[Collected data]
┄┄┄┄┄┄┄┄┄┄
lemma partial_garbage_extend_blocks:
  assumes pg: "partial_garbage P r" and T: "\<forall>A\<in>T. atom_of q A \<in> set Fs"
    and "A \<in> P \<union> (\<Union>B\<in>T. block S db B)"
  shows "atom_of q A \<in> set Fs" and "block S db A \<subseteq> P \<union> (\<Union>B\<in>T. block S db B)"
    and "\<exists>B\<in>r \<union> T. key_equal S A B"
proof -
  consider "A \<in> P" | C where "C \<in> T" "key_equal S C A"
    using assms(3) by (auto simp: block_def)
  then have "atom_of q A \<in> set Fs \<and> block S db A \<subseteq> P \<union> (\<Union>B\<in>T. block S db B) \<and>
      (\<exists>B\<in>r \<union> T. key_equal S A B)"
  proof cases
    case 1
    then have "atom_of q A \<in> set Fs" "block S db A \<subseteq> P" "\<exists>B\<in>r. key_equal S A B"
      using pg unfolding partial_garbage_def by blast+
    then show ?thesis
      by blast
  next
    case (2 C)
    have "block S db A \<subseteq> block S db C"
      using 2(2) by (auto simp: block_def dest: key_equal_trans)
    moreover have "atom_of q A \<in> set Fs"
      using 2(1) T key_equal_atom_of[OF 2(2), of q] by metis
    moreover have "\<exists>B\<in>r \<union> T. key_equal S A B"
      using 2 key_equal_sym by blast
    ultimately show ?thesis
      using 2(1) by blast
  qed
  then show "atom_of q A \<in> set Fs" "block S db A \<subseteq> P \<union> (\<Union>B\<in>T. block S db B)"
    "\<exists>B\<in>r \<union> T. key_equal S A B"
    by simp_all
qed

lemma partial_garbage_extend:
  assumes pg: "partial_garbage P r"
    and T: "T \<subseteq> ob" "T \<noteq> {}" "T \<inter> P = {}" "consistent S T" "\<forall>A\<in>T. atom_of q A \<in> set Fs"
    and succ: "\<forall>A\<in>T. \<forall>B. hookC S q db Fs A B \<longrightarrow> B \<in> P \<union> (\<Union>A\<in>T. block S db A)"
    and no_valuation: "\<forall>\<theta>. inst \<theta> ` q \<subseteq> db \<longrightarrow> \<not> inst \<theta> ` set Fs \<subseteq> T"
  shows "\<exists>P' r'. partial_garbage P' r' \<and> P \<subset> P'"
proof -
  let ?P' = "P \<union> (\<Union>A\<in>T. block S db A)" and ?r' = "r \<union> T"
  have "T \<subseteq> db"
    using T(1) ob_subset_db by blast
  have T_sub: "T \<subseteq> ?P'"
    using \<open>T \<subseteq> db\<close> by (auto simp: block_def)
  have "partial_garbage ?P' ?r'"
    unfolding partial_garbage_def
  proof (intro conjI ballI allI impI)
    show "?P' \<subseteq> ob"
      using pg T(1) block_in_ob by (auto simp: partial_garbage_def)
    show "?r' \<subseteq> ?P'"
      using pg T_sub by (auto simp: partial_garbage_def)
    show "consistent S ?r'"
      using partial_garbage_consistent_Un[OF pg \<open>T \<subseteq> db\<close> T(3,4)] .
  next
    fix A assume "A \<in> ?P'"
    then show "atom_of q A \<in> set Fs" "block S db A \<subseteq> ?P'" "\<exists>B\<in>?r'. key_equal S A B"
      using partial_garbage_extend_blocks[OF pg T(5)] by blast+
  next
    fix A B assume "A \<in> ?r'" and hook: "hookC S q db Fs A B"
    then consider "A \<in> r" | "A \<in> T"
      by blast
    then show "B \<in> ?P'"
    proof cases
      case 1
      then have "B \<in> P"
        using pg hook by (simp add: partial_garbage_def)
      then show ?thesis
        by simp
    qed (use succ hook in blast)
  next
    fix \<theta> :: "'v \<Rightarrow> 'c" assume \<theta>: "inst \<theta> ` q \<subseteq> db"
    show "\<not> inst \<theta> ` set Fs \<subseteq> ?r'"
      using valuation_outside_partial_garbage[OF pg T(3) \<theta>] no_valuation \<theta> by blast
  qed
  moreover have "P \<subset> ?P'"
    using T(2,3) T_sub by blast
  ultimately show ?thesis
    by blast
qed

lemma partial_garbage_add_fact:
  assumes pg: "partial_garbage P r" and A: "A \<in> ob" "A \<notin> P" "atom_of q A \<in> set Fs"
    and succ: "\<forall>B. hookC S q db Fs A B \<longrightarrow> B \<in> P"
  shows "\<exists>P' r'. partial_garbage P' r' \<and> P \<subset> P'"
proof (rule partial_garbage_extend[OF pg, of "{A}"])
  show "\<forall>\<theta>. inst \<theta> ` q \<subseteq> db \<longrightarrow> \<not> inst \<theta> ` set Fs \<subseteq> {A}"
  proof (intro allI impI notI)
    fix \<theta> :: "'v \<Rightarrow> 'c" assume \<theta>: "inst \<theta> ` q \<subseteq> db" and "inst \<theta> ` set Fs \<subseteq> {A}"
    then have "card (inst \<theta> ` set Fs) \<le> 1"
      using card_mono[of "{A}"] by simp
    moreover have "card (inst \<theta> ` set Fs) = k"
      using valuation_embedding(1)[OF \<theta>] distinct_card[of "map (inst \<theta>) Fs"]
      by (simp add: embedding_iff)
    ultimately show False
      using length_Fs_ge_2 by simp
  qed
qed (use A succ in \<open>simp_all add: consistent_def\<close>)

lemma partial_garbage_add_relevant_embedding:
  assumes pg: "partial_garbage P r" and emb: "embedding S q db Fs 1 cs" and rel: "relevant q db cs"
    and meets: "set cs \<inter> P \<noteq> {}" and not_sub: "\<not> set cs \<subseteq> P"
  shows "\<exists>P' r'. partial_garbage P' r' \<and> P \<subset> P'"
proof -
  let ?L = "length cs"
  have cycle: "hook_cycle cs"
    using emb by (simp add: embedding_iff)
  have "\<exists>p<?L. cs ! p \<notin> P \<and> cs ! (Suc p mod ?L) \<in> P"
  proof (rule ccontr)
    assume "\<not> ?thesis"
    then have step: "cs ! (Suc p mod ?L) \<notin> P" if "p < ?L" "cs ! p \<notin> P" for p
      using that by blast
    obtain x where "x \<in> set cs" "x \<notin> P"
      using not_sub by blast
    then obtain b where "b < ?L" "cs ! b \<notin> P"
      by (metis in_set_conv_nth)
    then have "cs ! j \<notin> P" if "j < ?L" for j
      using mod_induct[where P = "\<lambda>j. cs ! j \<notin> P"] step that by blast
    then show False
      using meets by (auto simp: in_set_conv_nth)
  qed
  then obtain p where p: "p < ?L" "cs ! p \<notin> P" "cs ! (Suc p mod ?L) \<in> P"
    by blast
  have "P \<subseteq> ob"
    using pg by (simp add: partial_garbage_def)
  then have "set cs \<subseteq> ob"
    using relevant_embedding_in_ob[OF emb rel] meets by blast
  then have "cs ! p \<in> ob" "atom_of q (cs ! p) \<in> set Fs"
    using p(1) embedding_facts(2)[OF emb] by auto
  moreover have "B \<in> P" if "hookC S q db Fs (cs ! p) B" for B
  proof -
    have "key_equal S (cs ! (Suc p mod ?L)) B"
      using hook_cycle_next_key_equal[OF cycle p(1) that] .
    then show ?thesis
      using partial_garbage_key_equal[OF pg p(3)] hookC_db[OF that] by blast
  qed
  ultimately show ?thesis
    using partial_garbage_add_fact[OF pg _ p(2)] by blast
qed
┄┄┄┄┄┄┄┄┄┄
> [How to complete this task]: Within the entries, determine the count of lines containing the string "inter" and output it alone.

> [Worked solution]: 2